§ **Your assignment**
Below are records; count the lines among them that include the string "blpdf", and state only the number.

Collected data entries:
(* Let $M$ be the statistical manifold of the beta-logistic distributions $$p(x;\theta^1,\theta^2)=\frac{2^{1-\theta^1}\operatorname{sech}^{\theta^1}(x)\,e^{\theta^2x}}{B\left(\frac{\theta^1-\theta^2}{2},\frac{\theta^1+\theta^2}{2}\right)},\qquad x\in\mathbb{R},\quad (\theta^1,\theta^2)\in\Theta=\{\theta^1\pm\theta^2>0\},$$ equipped with its Fisher information metric. Along a curve $t\mapsto(\theta^1(t),\theta^2(t))$ in $\Theta$, write $a=\frac{\theta^1-\theta^2}{2}$, $b=\frac{\theta^1+\theta^2}{2}$, $p=\psi'(a)$, $q=\psi'(b)$, $r=\psi'(\theta^1)$, $s=\psi''(a)$, $u=\psi''(b)$, $v=\psi''(\theta^1)$, and $\mathcal{G}=pq-r(p+q)$. Then the geodesic equations $\ddot\theta^k+\Gamma^k_{ij}\dot\theta^i\dot\theta^j=0$ ($k=1,2$) of $M$ are $$\ddot\theta^1-\frac{q(4v-s)+p(4v-u)}{8\mathcal{G}}(\dot\theta^1)^2+\frac{up-sq}{4\mathcal{G}}\dot\theta^1\dot\theta^2+\frac{sq+up}{8\mathcal{G}}(\dot\theta^2)^2=0,$$ $$\ddot\theta^2+\left(\frac{q(4v-s)}{8\mathcal{G}}+\frac{(s-u)r}{4\mathcal{G}}+\frac{(u-4v)p}{8\mathcal{G}}\right)(\dot\theta^1)^2+\frac{s(q-2r)+u(p-2r)}{4\mathcal{G}}\dot\theta^1\dot\theta^2+\frac{s(2r-q)+u(p-2r)}{8\mathcal{G}}(\dot\theta^2)^2=0.$$
   Context: $B$ is the beta function, $\psi=\Gamma'/\Gamma$ the digamma function, $\psi',\psi''$ its derivatives; dots denote $d/dt$. With $l=\ln p$ and $\partial_i=\partial/\partial\theta^i$, the Fisher metric is $g_{ij}=\mathbb{E}[\partial_il\,\partial_jl]$, $(g^{ij})$ its inverse, $\Gamma_{ijk}=\frac12(\partial_ig_{jk}+\partial_jg_{ki}-\partial_kg_{ij})$ and $\Gamma^k_{ij}=\Gamma_{ijs}g^{sk}$ are the Levi-Civita connection coefficients (summation convention). *)

theory Defs
  imports "HOL-Analysis.Analysis"
begin

definition Theta :: "(real \<times> real) set" where
  "Theta = {(t1, t2). t1 - t2 > 0 \<and> t1 + t2 > 0}"

definition sech :: "real \<Rightarrow> real" where
  "sech x = 1 / cosh x"

definition blpdf :: "real \<Rightarrow> real \<Rightarrow> real \<Rightarrow> real" where
  "blpdf x t1 t2 =
     2 powr (1 - t1) * (sech x) powr t1 * exp (t2 * x) / Beta ((t1 - t2) / 2) ((t1 + t2) / 2)"

definition dpart :: "nat \<Rightarrow> (real \<Rightarrow> real \<Rightarrow> real) \<Rightarrow> real \<Rightarrow> real \<Rightarrow> real" where
  "dpart i f t1 t2 = (if i = 1 then deriv (\<lambda>s. f s t2) t1 else deriv (\<lambda>s. f t1 s) t2)"

definition score :: "nat \<Rightarrow> real \<Rightarrow> real \<Rightarrow> real \<Rightarrow> real" where
  "score i x t1 t2 = dpart i (\<lambda>s1 s2. ln (blpdf x s1 s2)) t1 t2"

definition fisher :: "nat \<Rightarrow> nat \<Rightarrow> real \<Rightarrow> real \<Rightarrow> real" where
  "fisher i j t1 t2 = (LINT x|lborel. blpdf x t1 t2 * score i x t1 t2 * score j x t1 t2)"

definition fisher_inv :: "nat \<Rightarrow> nat \<Rightarrow> real \<Rightarrow> real \<Rightarrow> real" where
  "fisher_inv i j t1 t2 =
     (let d = fisher 1 1 t1 t2 * fisher 2 2 t1 t2 - fisher 1 2 t1 t2 * fisher 2 1 t1 t2 in
      if i = 1 \<and> j = 1 then fisher 2 2 t1 t2 / d
      else if i = 2 \<and> j = 2 then fisher 1 1 t1 t2 / d
      else if i = 1 then - fisher 1 2 t1 t2 / d
      else - fisher 2 1 t1 t2 / d)"

definition christ1 :: "nat \<Rightarrow> nat \<Rightarrow> nat \<Rightarrow> real \<Rightarrow> real \<Rightarrow> real" where
  "christ1 i j k t1 t2 = (1/2) * (dpart i (fisher j k) t1 t2 + dpart j (fisher k i) t1 t2
                                  - dpart k (fisher i j) t1 t2)"

definition christ2 :: "nat \<Rightarrow> nat \<Rightarrow> nat \<Rightarrow> real \<Rightarrow> real \<Rightarrow> real" where
  "christ2 k i j t1 t2 = (\<Sum>s\<in>{1,2}. christ1 i j s t1 t2 * fisher_inv s k t1 t2)"

end

theory Submission
  imports Defs
begin

text \<open>Since \<open>sech x ^ t1 = 2 ^ t1 * exp (- t1 * ln (2 cosh x))\<close>, the beta-logistic family is an
  exponential family \<open>p = 2 exp (t1 T1 + t2 T2 - ln B(a, b))\<close> with sufficient statistics
  \<open>T1 = - ln (2 cosh x)\<close> and \<open>T2 = x\<close>; the substitution \<open>y = (1 + tanh x) / 2\<close> turns its
  normalisation into Euler's Beta integral. Differentiating \<open>\<integral> h exp (t1 T1 + t2 T2)\<close> under the
  integral sign (polynomials in \<open>ln (2 cosh x)\<close> are dominated by the kernel at a slightly smaller
  \<open>t1\<close>) shows that the first two moments of \<open>T\<close> are derivatives of \<open>B\<close>, so the Fisher metric is the
  Hessian \<open>g_ij = \<partial>_i \<partial>_j ln B\<close> and \<open>\<Gamma>_ijk = \<partial>_i \<partial>_j \<partial>_k ln B / 2\<close>. By the chain rule through
  \<open>a\<close>, \<open>b\<close> and \<open>t1\<close> these are polygamma combinations, and inverting the \<open>2 \<times> 2\<close> metric, whose
  determinant is \<open>G / 4\<close>, gives the geodesic coefficients \<open>\<Gamma>^k_ij\<close>.\<close>

lemma tanh_artanh_real:
  fixes y :: real
  assumes "-1 < y" "y < 1"
  shows "tanh (artanh y) = y"
proof -
  have "exp (- 2 * artanh y) = (1 - y) / (1 + y)"
    using assms by (simp add: artanh_def exp_minus exp_ln inverse_eq_divide)
  then have "tanh (artanh y) = (1 - (1 - y) / (1 + y)) / (1 + (1 - y) / (1 + y))"
    by (simp only: tanh_real_altdef)
  also have "\<dots> = y"
    using assms by (simp add: field_simps)
  finally show ?thesis .
qed

lemma range_one_plus_tanh_half: "range (\<lambda>x::real. (1 + tanh x) / 2) = {0<..<1}"
proof
  have "(1 + tanh x) / 2 \<in> {0<..<1 :: real}" for x
    using tanh_real_gt_neg1[of x] tanh_real_lt_1[of x] by simp
  then show "range (\<lambda>x::real. (1 + tanh x) / 2) \<subseteq> {0<..<1}"
    by blast
  show "{0<..<1} \<subseteq> range (\<lambda>x::real. (1 + tanh x) / 2)"
  proof
    fix y :: real
    assume "y \<in> {0<..<1}"
    then have "y = (1 + tanh (artanh (2 * y - 1))) / 2"
      by (simp add: tanh_artanh_real)
    then show "y \<in> range (\<lambda>x::real. (1 + tanh x) / 2)"
      by blast
  qed
qed

lemma power_le_fact_mult_exp:
  fixes y :: real
  assumes "0 \<le> y"
  shows "y ^ n \<le> fact n * exp y"
proof -
  have "(\<Sum>k\<in>{n}. y ^ k /\<^sub>R fact k) \<le> (\<Sum>k. y ^ k /\<^sub>R fact k)"
    using assms by (intro sum_le_suminf summable_exp_generic) auto
  then show ?thesis
    by (simp add: exp_def field_simps)
qed

lemma has_real_derivative_integral:
  fixes f f' :: "real \<Rightarrow> 'a \<Rightarrow> real"
  assumes "0 < e"
    and integrable: "\<And>s. s \<in> ball t e \<Longrightarrow> integrable M (f s)"
    and has_deriv: "\<And>s x. s \<in> ball t e \<Longrightarrow> ((\<lambda>s. f s x) has_real_derivative f' s x) (at s)"
    and bound: "\<And>s x. s \<in> ball t e \<Longrightarrow> \<bar>f' s x\<bar> \<le> w x"
    and "integrable M w" and "f' t \<in> borel_measurable M"
  shows "((\<lambda>s. \<integral>x. f s x \<partial>M) has_real_derivative (\<integral>x. f' t x \<partial>M)) (at t)"
proof -
  have t: "t \<in> ball t e"
    using \<open>0 < e\<close> by simp
  have "((\<lambda>s. ((\<integral>x. f s x \<partial>M) - (\<integral>x. f t x \<partial>M)) / (s - t)) \<longlongrightarrow> (\<integral>x. f' t x \<partial>M))
      (at t within ball t e)"
  proof (subst tendsto_at_iff_sequentially, intro allI impI)
    fix X :: "nat \<Rightarrow> real"
    assume X: "\<forall>n. X n \<in> ball t e - {t}" and "X \<longlonglongrightarrow> t"
    define q where "q n x = (f (X n) x - f t x) / (X n - t)" for n x
    have "(\<lambda>n. \<integral>x. q n x \<partial>M) \<longlonglongrightarrow> (\<integral>x. f' t x \<partial>M)"
    proof (rule integral_dominated_convergence[where w = w])
      show "q n \<in> borel_measurable M" for n
        unfolding q_def using integrable[of "X n"] integrable[OF t] X
        by (auto intro!: borel_measurable_integrable)
      have "filterlim X (at t) sequentially"
        using X \<open>X \<longlonglongrightarrow> t\<close> by (auto simp: filterlim_at)
      moreover have "((\<lambda>y. (f y x - f t x) / (y - t)) \<longlongrightarrow> f' t x) (at t)" for x
        using has_deriv[OF t, of x] by (simp add: has_field_derivative_iff)
      ultimately show "AE x in M. (\<lambda>n. q n x) \<longlonglongrightarrow> f' t x"
        unfolding q_def by (intro AE_I2) (rule filterlim_compose)
      show "AE x in M. norm (q n x) \<le> w x" for n
      proof (rule AE_I2)
        fix x
        have "norm (f (X n) x - f t x) \<le> w x * norm (X n - t)"
          by (rule field_differentiable_bound[of "ball t e"])
            (use X t in \<open>auto intro: bound has_field_derivative_at_within[OF has_deriv]\<close>)
        then show "norm (q n x) \<le> w x"
          using X by (simp add: q_def divide_le_eq)
      qed
    qed (use assms in auto)
    moreover have "(\<integral>x. q n x \<partial>M) = ((\<integral>x. f (X n) x \<partial>M) - (\<integral>x. f t x \<partial>M)) / (X n - t)" for n
      unfolding q_def using integrable[OF t] integrable[of "X n"] X by simp
    ultimately show "((\<lambda>s. ((\<integral>x. f s x \<partial>M) - (\<integral>x. f t x \<partial>M)) / (s - t)) \<circ> X)
        \<longlonglongrightarrow> (\<integral>x. f' t x \<partial>M)"
      by (simp add: o_def)
  qed
  then show ?thesis
    using at_within_open[of t "ball t e"] t by (simp add: has_field_derivative_iff)
qed

lemma Theta_iff: "(t1, t2) \<in> Theta \<longleftrightarrow> \<bar>t2\<bar> < t1"
  by (auto simp: Theta_def)

lemma Theta_pos:
  assumes "(t1, t2) \<in> Theta"
  shows "0 < (t1 - t2) / 2" "0 < (t1 + t2) / 2" "0 < t1"
  using assms by (auto simp: Theta_def)

definition log2cosh :: "real \<Rightarrow> real" where
  "log2cosh x = ln (2 * cosh x)"

lemma log2cosh_measurable [measurable]: "log2cosh \<in> borel_measurable borel"
  unfolding log2cosh_def cosh_def by measurable

lemma abs_le_log2cosh: "\<bar>x\<bar> \<le> log2cosh x"
proof -
  have "exp \<bar>x\<bar> \<le> 2 * cosh x"
    by (cases "x \<ge> 0") (auto simp: cosh_def)
  then show ?thesis
    unfolding log2cosh_def by (metis exp_gt_zero ln_exp ln_le_cancel_iff order_less_le_trans)
qed

lemma log2cosh_nonneg: "0 \<le> log2cosh x"
  using abs_le_log2cosh[of x] by linarith

lemma exp_log2cosh: "exp (log2cosh x) = 2 * cosh x"
  unfolding log2cosh_def by (simp add: cosh_real_pos)

lemma one_plus_tanh_eq: "(1 + tanh x) / 2 = exp (x - log2cosh x)"
proof -
  have "(1 + tanh x) / 2 = (cosh x + sinh x) / (2 * cosh x)"
    using cosh_real_pos[of x] by (simp add: tanh_def field_simps)
  then show ?thesis
    by (simp add: cosh_plus_sinh exp_diff exp_log2cosh)
qed

lemma one_minus_tanh_eq: "(1 - tanh x) / 2 = exp (- x - log2cosh x)"
proof -
  have "(1 - tanh x) / 2 = (cosh x - sinh x) / (2 * cosh x)"
    using cosh_real_pos[of x] by (simp add: tanh_def field_simps)
  then show ?thesis
    by (simp add: cosh_minus_sinh exp_diff exp_log2cosh)
qed

definition bl_kernel :: "real \<Rightarrow> real \<Rightarrow> real \<Rightarrow> real" where
  "bl_kernel t1 t2 x = exp (t2 * x - t1 * log2cosh x)"

lemma bl_kernel_pos: "0 < bl_kernel t1 t2 x"
  by (simp add: bl_kernel_def)

lemma bl_kernel_measurable [measurable]: "bl_kernel t1 t2 \<in> borel_measurable borel"
  unfolding bl_kernel_def by measurable

lemma tanh_substitution_Beta_integrand:
  fixes a b x :: real
  defines "y \<equiv> (1 + tanh x) / 2"
  shows "\<bar>(1 - tanh x ^ 2) / 2\<bar> * (y powr (b - 1) * (1 - y) powr (a - 1)) = 2 * bl_kernel (a + b) (b - a) x"
proof -
  have y: "y = exp (x - log2cosh x)" and y1: "1 - y = exp (- x - log2cosh x)"
    using one_plus_tanh_eq[of x] one_minus_tanh_eq[of x] by (simp_all add: y_def field_simps)
  have "(1 - tanh x ^ 2) / 2 = 2 * y * (1 - y)"
    by (simp add: y_def power2_eq_square field_simps)
  then have "\<bar>(1 - tanh x ^ 2) / 2\<bar> * (y powr (b - 1) * (1 - y) powr (a - 1))
      = 2 * (y * y powr (b - 1)) * ((1 - y) * (1 - y) powr (a - 1))"
    using y y1 by (simp add: abs_mult)
  also have "\<dots> = 2 * (exp (x - log2cosh x) * exp ((b - 1) * (x - log2cosh x)))
      * (exp (- x - log2cosh x) * exp ((a - 1) * (- x - log2cosh x)))"
    unfolding y1 unfolding y by (simp add: powr_def)
  also have "\<dots> = 2 * bl_kernel (a + b) (b - a) x"
    by (simp add: mult_exp_exp bl_kernel_def algebra_simps)
  finally show ?thesis .
qed

lemma bl_kernel_integral:
  assumes "(t1, t2) \<in> Theta"
  shows "integrable lborel (bl_kernel t1 t2)"
    and "(\<integral>x. bl_kernel t1 t2 x \<partial>lborel) = Beta ((t1 - t2) / 2) ((t1 + t2) / 2) / 2"
proof -
  define a b where "a = (t1 - t2) / 2" and "b = (t1 + t2) / 2"
  have "0 < a" "0 < b"
    using Theta_pos[OF assms] by (simp_all add: a_def b_def)
  define f where "f y = y powr (b - 1) * (1 - y) powr (a - 1)" for y :: real
  have "(f has_integral Beta b a) {0<..<1}"
    unfolding f_def using has_integral_Beta_real[OF \<open>0 < b\<close> \<open>0 < a\<close>]
    by (simp add: has_integral_Icc_iff_Ioo)
  then have "f absolutely_integrable_on {0<..<1} \<and> integral {0<..<1} f = Beta a b"
    by (auto simp: absolutely_integrable_on_iff_nonneg f_def integral_unique Beta_commute)
  moreover have "inj (\<lambda>x. (1 + tanh x) / 2 :: real)"
    using tanh_real_strict_mono by (auto simp: inj_def strict_mono_eq)
  moreover have "((\<lambda>x. (1 + tanh x) / 2) has_field_derivative (1 - tanh x ^ 2) / 2) (at x)" for x :: real
    by (auto intro!: derivative_eq_intros)
  ultimately have "(\<lambda>x. \<bar>(1 - tanh x ^ 2) / 2\<bar> * f ((1 + tanh x) / 2)) absolutely_integrable_on UNIV
      \<and> integral UNIV (\<lambda>x. \<bar>(1 - tanh x ^ 2) / 2\<bar> * f ((1 + tanh x) / 2)) = Beta a b"
    by (subst has_absolute_integral_change_of_variables_1') (auto simp: range_one_plus_tanh_half)
  moreover have "\<bar>(1 - tanh x ^ 2) / 2\<bar> * f ((1 + tanh x) / 2) = 2 * bl_kernel t1 t2 x" for x
    using tanh_substitution_Beta_integrand[of x b a] by (simp add: f_def a_def b_def field_simps)
  ultimately have "(\<lambda>x. 2 * bl_kernel t1 t2 x) absolutely_integrable_on UNIV"
    and "integral UNIV (\<lambda>x. 2 * bl_kernel t1 t2 x) = Beta a b"
    by simp_all
  then have "integrable lborel (\<lambda>x. 2 * bl_kernel t1 t2 x)"
    and "(\<integral>x. 2 * bl_kernel t1 t2 x \<partial>lborel) = Beta a b"
    by (auto simp: set_integrable_def integrable_completion integral_lborel)
  then show "integrable lborel (bl_kernel t1 t2)"
    and "(\<integral>x. bl_kernel t1 t2 x \<partial>lborel) = Beta ((t1 - t2) / 2) ((t1 + t2) / 2) / 2"
    by (simp_all add: a_def b_def)
qed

§ **Result**
4